## Data for analysis
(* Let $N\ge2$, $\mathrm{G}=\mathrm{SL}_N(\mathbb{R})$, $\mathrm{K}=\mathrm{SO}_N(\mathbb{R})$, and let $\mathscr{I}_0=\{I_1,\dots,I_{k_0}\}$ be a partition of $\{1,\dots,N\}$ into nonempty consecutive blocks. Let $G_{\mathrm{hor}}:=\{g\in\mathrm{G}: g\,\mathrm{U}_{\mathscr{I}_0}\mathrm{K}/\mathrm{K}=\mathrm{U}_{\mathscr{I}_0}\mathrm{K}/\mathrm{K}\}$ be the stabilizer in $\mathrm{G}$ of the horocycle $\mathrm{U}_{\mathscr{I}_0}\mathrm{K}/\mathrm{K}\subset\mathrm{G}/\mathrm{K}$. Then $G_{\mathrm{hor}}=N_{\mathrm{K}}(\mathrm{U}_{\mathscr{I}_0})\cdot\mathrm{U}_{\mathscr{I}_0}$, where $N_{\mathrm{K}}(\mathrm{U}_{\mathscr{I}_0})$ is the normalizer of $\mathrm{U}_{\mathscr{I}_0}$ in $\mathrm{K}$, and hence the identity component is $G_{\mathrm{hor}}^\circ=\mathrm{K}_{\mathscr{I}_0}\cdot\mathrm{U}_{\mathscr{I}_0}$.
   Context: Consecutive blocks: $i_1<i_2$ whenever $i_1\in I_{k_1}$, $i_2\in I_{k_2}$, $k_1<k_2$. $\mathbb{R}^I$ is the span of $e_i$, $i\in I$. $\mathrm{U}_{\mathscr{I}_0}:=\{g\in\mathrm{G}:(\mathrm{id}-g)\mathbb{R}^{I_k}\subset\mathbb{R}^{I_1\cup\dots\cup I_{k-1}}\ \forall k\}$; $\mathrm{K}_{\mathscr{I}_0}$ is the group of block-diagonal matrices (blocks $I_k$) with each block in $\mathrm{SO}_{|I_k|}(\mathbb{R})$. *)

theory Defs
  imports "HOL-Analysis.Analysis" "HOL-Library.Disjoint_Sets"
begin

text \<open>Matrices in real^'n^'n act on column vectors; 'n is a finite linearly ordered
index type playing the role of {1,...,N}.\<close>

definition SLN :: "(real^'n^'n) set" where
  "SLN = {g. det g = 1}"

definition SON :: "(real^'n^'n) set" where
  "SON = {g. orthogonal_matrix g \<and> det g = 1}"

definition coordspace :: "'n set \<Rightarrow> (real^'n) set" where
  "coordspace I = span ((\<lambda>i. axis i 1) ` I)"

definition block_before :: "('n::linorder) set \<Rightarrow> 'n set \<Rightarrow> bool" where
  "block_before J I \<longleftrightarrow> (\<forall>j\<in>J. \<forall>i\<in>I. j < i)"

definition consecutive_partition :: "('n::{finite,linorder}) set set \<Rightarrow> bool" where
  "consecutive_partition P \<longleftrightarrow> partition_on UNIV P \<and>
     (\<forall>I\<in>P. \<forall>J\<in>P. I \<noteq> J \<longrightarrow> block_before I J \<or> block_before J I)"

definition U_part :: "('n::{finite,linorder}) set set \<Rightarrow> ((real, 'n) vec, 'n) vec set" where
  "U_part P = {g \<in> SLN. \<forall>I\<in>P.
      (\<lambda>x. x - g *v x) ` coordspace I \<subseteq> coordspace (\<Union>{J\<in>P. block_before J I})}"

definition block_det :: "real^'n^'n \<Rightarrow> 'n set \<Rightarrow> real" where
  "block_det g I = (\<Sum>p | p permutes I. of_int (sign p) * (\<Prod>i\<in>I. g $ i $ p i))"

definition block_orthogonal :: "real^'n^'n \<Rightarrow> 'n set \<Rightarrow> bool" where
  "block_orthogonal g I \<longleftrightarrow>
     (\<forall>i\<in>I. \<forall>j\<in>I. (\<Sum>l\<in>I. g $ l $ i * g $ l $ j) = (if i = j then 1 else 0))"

## Work item
Using the material above, extract the line that contains "I = (\<Sum>p" and every line after it, exactly as given; stop at the last line.

## Answer below
  "block_det g I = (\<Sum>p | p permutes I. of_int (sign p) * (\<Prod>i\<in>I. g $ i $ p i))"

definition block_orthogonal :: "real^'n^'n \<Rightarrow> 'n set \<Rightarrow> bool" where
  "block_orthogonal g I \<longleftrightarrow>
     (\<forall>i\<in>I. \<forall>j\<in>I. (\<Sum>l\<in>I. g $ l $ i * g $ l $ j) = (if i = j then 1 else 0))"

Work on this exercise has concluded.